Task item. Copy, from the data below, every line that has "arbitrary" in it.

[Stored items]
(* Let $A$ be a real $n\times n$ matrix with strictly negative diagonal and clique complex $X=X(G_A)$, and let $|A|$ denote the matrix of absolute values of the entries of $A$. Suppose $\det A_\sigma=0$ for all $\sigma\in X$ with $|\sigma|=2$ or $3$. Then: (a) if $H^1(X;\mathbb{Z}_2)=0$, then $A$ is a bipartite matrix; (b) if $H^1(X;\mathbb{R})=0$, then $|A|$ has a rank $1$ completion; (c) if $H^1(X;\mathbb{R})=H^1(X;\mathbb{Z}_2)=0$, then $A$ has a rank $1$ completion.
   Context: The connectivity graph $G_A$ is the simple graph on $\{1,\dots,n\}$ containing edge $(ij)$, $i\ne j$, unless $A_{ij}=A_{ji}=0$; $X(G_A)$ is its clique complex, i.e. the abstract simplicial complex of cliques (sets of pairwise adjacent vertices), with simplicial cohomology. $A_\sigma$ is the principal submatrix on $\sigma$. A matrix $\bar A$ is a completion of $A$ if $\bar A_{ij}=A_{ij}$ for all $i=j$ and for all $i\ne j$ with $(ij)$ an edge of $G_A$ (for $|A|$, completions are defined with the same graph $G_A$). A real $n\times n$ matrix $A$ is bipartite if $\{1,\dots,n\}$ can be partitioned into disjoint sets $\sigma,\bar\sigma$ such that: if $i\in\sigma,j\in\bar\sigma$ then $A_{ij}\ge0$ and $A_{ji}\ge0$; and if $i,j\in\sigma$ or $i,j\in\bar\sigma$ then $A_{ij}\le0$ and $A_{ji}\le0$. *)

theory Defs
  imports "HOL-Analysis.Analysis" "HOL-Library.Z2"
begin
--
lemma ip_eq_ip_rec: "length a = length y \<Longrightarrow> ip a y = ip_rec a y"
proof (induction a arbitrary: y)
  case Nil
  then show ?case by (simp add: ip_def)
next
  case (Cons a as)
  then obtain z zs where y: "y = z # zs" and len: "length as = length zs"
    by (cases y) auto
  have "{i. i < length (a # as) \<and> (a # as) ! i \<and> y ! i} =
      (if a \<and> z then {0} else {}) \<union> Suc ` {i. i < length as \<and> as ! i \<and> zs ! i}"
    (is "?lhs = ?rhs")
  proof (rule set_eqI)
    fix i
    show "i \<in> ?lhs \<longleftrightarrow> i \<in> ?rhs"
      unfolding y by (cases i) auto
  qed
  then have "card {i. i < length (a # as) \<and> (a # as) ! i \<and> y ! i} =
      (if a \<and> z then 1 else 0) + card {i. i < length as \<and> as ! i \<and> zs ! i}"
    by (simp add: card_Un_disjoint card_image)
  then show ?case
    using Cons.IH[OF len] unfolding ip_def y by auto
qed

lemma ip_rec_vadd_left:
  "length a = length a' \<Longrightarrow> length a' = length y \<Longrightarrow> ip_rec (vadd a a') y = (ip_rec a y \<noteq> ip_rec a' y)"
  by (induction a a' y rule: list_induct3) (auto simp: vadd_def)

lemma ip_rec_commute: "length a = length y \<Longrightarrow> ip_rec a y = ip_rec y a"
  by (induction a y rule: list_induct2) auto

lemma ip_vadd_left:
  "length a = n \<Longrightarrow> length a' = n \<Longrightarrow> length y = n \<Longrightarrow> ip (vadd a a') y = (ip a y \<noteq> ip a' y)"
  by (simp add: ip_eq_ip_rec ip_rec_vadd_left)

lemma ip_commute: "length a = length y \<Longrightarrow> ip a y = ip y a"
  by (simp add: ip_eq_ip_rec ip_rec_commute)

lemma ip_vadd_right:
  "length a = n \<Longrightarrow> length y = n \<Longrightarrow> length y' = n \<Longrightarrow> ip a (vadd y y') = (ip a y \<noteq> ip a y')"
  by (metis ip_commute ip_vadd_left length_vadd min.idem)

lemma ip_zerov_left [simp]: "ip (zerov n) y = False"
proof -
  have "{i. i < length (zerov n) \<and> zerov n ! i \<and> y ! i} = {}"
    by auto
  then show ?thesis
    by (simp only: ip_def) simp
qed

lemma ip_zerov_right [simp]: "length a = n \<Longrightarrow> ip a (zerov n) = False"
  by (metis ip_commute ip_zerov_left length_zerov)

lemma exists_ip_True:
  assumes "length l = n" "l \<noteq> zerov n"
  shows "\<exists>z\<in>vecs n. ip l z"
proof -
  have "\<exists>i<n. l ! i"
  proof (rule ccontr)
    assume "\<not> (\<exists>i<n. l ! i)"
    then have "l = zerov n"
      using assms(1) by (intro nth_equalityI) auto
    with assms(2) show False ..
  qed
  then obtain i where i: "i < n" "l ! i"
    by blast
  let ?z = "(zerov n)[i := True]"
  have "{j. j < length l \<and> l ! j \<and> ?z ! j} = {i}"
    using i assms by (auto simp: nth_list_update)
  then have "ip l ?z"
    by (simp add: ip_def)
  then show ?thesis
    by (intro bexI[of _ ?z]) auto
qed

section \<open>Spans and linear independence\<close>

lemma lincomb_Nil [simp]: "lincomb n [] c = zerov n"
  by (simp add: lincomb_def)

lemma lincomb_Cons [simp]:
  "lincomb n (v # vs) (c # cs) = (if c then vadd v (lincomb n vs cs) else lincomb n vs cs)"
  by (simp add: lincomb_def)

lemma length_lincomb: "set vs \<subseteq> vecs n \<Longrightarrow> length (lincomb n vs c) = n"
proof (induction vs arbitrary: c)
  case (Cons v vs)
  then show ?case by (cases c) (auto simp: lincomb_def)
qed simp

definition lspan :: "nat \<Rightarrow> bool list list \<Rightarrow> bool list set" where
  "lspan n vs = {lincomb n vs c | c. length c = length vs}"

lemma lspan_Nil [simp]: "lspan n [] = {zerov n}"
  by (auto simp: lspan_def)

Output of the exercise.
proof (induction a arbitrary: y)
proof (induction vs arbitrary: c)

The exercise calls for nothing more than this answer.